If you enlist the help of a licenced insolvency practitioner within the first few days of being served with details of the winding up process and before the petition is advertised you have a far better chance of success. You have a number of options, including:
- Paying off the debt in full
This may be possible if you are able to gain asset or invoice financing perhaps, but even if you do, you must ensure the petition is withdrawn from the court record to ensure it is the end of the matter. The goal should be having the petition dismissed before it is advertised. You will also need to pay costs and attend the hearing to provide evidence that the debt is settled. If there was a crossover period when you paid the debts off but the proceedings had already started then you can apply to cancel a winding up order, providing you do this within five days of receiving the order –
- Show that the winding up is unjustified
The chances are the creditor will either be highly experienced in taking winding up action, such as with HMRC, or even if they are not, they will have taken advice from a solicitor. If, however, you have proof that the amount being claimed is incorrect or you can show that the correct procedure has not been followed, then you may be able to challenge this and stop the petition – but you should realise this is going to be unlikely.
- Obtaining an adjournment
This may be possible if you can prove to the court you have a way forward that will ensure a better result for creditors. One possible solution could be a Company Voluntary Arrangement which means coming to a legal agreement with creditors to repay them – often at a reduced amount – over a set period of no more than five years. Or, administration could be put forward as an option if there is a buyer lined up. You will need to take expert advice before making any representations and again, act fact before the winding up process has progressed too far. If the court agrees to these measures this will stop any legal action being taken against your business.
It may be possible to reverse a winding up order if an application to “stay” liquidation proceedings can be made by the Official Receiver or another appointed liquidator, such as in the case where all debts have been paid off. But, if this occurs late in the process, your business may technically remain in liquidation and this will still be on file at Companies House.
What Action Could I Face From Being Wound up?
Any personal guarantees are likely to be called in by lenders. Further, depending on the outcome of the Official Receiver’s investigation you may be disqualified from acting as a director, potentially for up to 15 years under Company Director Disqualification Act, 1986 – LEGISLATION “Company Directors Disqualification Act 1986” .
You may have personal liability for debts if you have wrongfully traded while or if you are found to have favoured one creditor over another, while the business was insolvent. There will also be close inspection of the directors’ loan account to see if money has been taken out of the business and if this is the case, it will need to be repaid or again, personal liability could arise. Fraudulent trading is the most severe offence and for this large fines or even jail could be imposed.
How can I Avoid my Company Being Wound up?

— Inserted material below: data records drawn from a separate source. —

lemma sum_pairs_fun_upd:
  fixes j :: "nat \<Rightarrow> nat"
  shows "(\<Sum>r\<in>{1..Suc L}. \<Sum>s\<in>{r<..Suc L}. (j(Suc L := n)) r * (j(Suc L := n)) s)
     = (\<Sum>r\<in>{1..L}. \<Sum>s\<in>{r<..L}. j r * j s) + n * (\<Sum>r\<in>{1..L}. j r)"
proof -
  have inner: "(\<Sum>s\<in>{r<..Suc L}. (j(Suc L := n)) r * (j(Suc L := n)) s)
      = (\<Sum>s\<in>{r<..L}. j r * j s) + j r * n" if "r \<in> {1..L}" for r
  proof -
    have "{r<..Suc L} = insert (Suc L) {r<..L}" using that by auto
    moreover have "(\<Sum>s\<in>{r<..L}. (j(Suc L := n)) r * (j(Suc L := n)) s) = (\<Sum>s\<in>{r<..L}. j r * j s)"
      using that by (intro sum.cong) auto
    ultimately show ?thesis using that by (simp add: add.commute)
  qed
  have "(\<Sum>r\<in>{1..Suc L}. \<Sum>s\<in>{r<..Suc L}. (j(Suc L := n)) r * (j(Suc L := n)) s)
      = (\<Sum>r\<in>{1..L}. (\<Sum>s\<in>{r<..L}. j r * j s) + j r * n)"
    by (simp add: sum.cl_ivl_Suc inner del: fun_upd_apply)
  also have "\<dots> = (\<Sum>r\<in>{1..L}. \<Sum>s\<in>{r<..L}. j r * j s) + (\<Sum>r\<in>{1..L}. j r) * n"
    by (simp only: sum.distrib sum_distrib_right)
  finally show ?thesis by (simp only: mult.commute)
qed

lemma qmultinomial_fun_upd:
  assumes "0 < q" "q < 1" "j \<in> weak_compositions L (N - n)" "n \<le> N"
  shows "qmultinomial q (Suc L) (j(Suc L := n)) = qmultinomial q L j * qbinom q N n"
proof -
  have sum_j: "(\<Sum>r\<in>{1..L}. j r) = N - n"
    using assms(3) by (simp add: weak_compositions_def)
  have agree: "\<And>r. r \<in> {1..L} \<Longrightarrow> (j(Suc L := n)) r = j r" by auto
  have "(\<Sum>r\<in>{1..Suc L}. (j(Suc L := n)) r) = N"
    using sum_j assms(4) by (simp add: sum.cl_ivl_Suc sum.cong[OF refl agree])
  moreover have "(\<Prod>r\<in>{1..Suc L}. qfact q ((j(Suc L := n)) r)) = (\<Prod>r\<in>{1..L}. qfact q (j r)) * qfact q n"
    by (simp add: prod.cl_ivl_Suc prod.cong[OF refl agree])
  moreover have "qfact q (N - n) > 0" "qfact q n > 0"
    using qfact_pos[OF assms(1,2)] by auto
  ultimately show ?thesis
    unfolding qmultinomial_def sum_pairs_fun_upd sum_j qbinom_def using assms(4)
    by (simp add: power_add field_simps)
qed

definition monomial :: "(nat \<Rightarrow> 'a::monoid_mult) \<Rightarrow> nat \<Rightarrow> (nat \<Rightarrow> nat) \<Rightarrow> 'a" where
  "monomial z L j = prod_list (map (\<lambda>k. z k ^ j k) [1..<L+1])"

lemma monomial_0: "monomial z 0 j = 1"
  unfolding monomial_def by simp

lemma monomial_Suc: "monomial z (Suc L) j = monomial z L j * z (Suc L) ^ j (Suc L)"
  unfolding monomial_def by simp

lemma monomial_fun_upd: "monomial z L (j(Suc L := n)) = monomial z L j"
  unfolding monomial_def by (rule arg_cong[where f=prod_list]) auto

locale star_map =
  fixes st :: "'a::real_algebra_1 \<Rightarrow> 'a"
  assumes is_star: "is_star st"
begin

lemma star_add: "st (x + y) = st x + st y"
  and star_scaleR: "st (r *\<^sub>R x) = r *\<^sub>R st x"
  and star_mult: "st (x * y) = st y * st x"
  and star_star: "st (st x) = x"
  and star_one: "st 1 = 1"
  using is_star unfolding is_star_def by auto

lemma star_zero: "st 0 = 0"
  using star_add[of 0 0] by simp

lemma star_sum: "st (sum f S) = (\<Sum>x\<in>S. st (f x))"
  by (induction S rule: infinite_finite_induct) (auto simp: star_zero star_add)

lemma star_power: "st (x ^ n) = st x ^ n"
  by (induction n) (simp_all add: star_one star_mult power_commutes)

lemma commute_star_monomial:
  "(\<And>k. k \<in> {1..L} \<Longrightarrow> commute X (st (z k))) \<Longrightarrow> commute X (st (monomial z L j))"
  by (induction L) (auto simp: monomial_0 monomial_Suc star_one star_mult star_power
      intro!: commute_mult commute_power)

end

locale quantum_sphere = star_map st for st :: "'a::real_algebra_1 \<Rightarrow> 'a" +
  fixes q :: real and l :: nat and z :: "nat \<Rightarrow> 'a"
  assumes q_pos: "0 < q" and q_less_1: "q < 1" and relations: "sphere_rels q l st z"
begin

lemma z_mult_z: "i \<in> {1..l+1} \<Longrightarrow> j \<in> {1..l+1} \<Longrightarrow> i < j \<Longrightarrow> z i * z j = q *\<^sub>R (z j * z i)"
  and star_z_mult_z:
    "i \<in> {1..l+1} \<Longrightarrow> j \<in> {1..l+1} \<Longrightarrow> i \<noteq> j \<Longrightarrow> st (z i) * z j = q *\<^sub>R (z j * st (z i))"
  and star_z_1_commute: "st (z 1) * z 1 = z 1 * st (z 1)"
  and star_z_commutator: "i \<in> {1..l} \<Longrightarrow> st (z (Suc i)) * z (Suc i) - z (Suc i) * st (z (Suc i))
          = (1 - q\<^sup>2) *\<^sub>R (\<Sum>j\<in>{1..i}. z j * st (z j))"
  and sum_z_star_z: "(\<Sum>i\<in>{1..l+1}. z i * st (z i)) = 1"
  using relations unfolding sphere_rels_def by auto

definition A :: "nat \<Rightarrow> 'a" where
  "A L = (\<Sum>k\<in>{1..L}. z k * st (z k))"

lemma A_0: "A 0 = 0"
  unfolding A_def by simp

lemma A_Suc: "A (Suc L) = A L + z (Suc L) * st (z (Suc L))"
  unfolding A_def by (simp add: sum.cl_ivl_Suc)

lemma star_A: "st (A L) = A L"
  unfolding A_def by (simp add: star_sum star_mult star_star)

lemma A_mult_z_Suc:
  assumes "L \<le> l" shows "A L * z (Suc L) = q\<^sup>2 *\<^sub>R (z (Suc L) * A L)"
proof -
  have "z k * st (z k) * z (Suc L) = q\<^sup>2 *\<^sub>R (z (Suc L) * (z k * st (z k)))" if k: "k \<in> {1..L}" for k
  proof -
    have "z k * st (z k) * z (Suc L) = q *\<^sub>R ((z k * z (Suc L)) * st (z k))"
      using assms k by (simp add: star_z_mult_z mult.assoc)
    also have "\<dots> = q\<^sup>2 *\<^sub>R (z (Suc L) * (z k * st (z k)))"
      using assms k by (simp add: z_mult_z mult.assoc power2_eq_square)
    finally show ?thesis .
  qed
  then show ?thesis
    unfolding A_def sum_distrib_right sum_distrib_left scaleR_sum_right by (rule sum.cong[OF refl])
qed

If you believe a creditor is about to take winding up action do not delay or attempt to manage the problem yourself. A licenced insolvency practitioner will have the experience and expertise to deal with this extremely serious situation. They may be able to negotiate with creditors on your behalf and this includes with HMRC. They will have contacts with specialist solicitors if you need representation and they will seek to minimise the damage that can result from winding up.
There are times when a business has no option other than to close. However, you should also be aware that there will be a better outcome for directors if you enter Creditors’ Voluntary Liquidation even though this will not be possible once winding up proceedings are underway.
Overall, the message has to be when it comes to compulsory winding up, speed is of the essence so seek help at the earliest opportunity.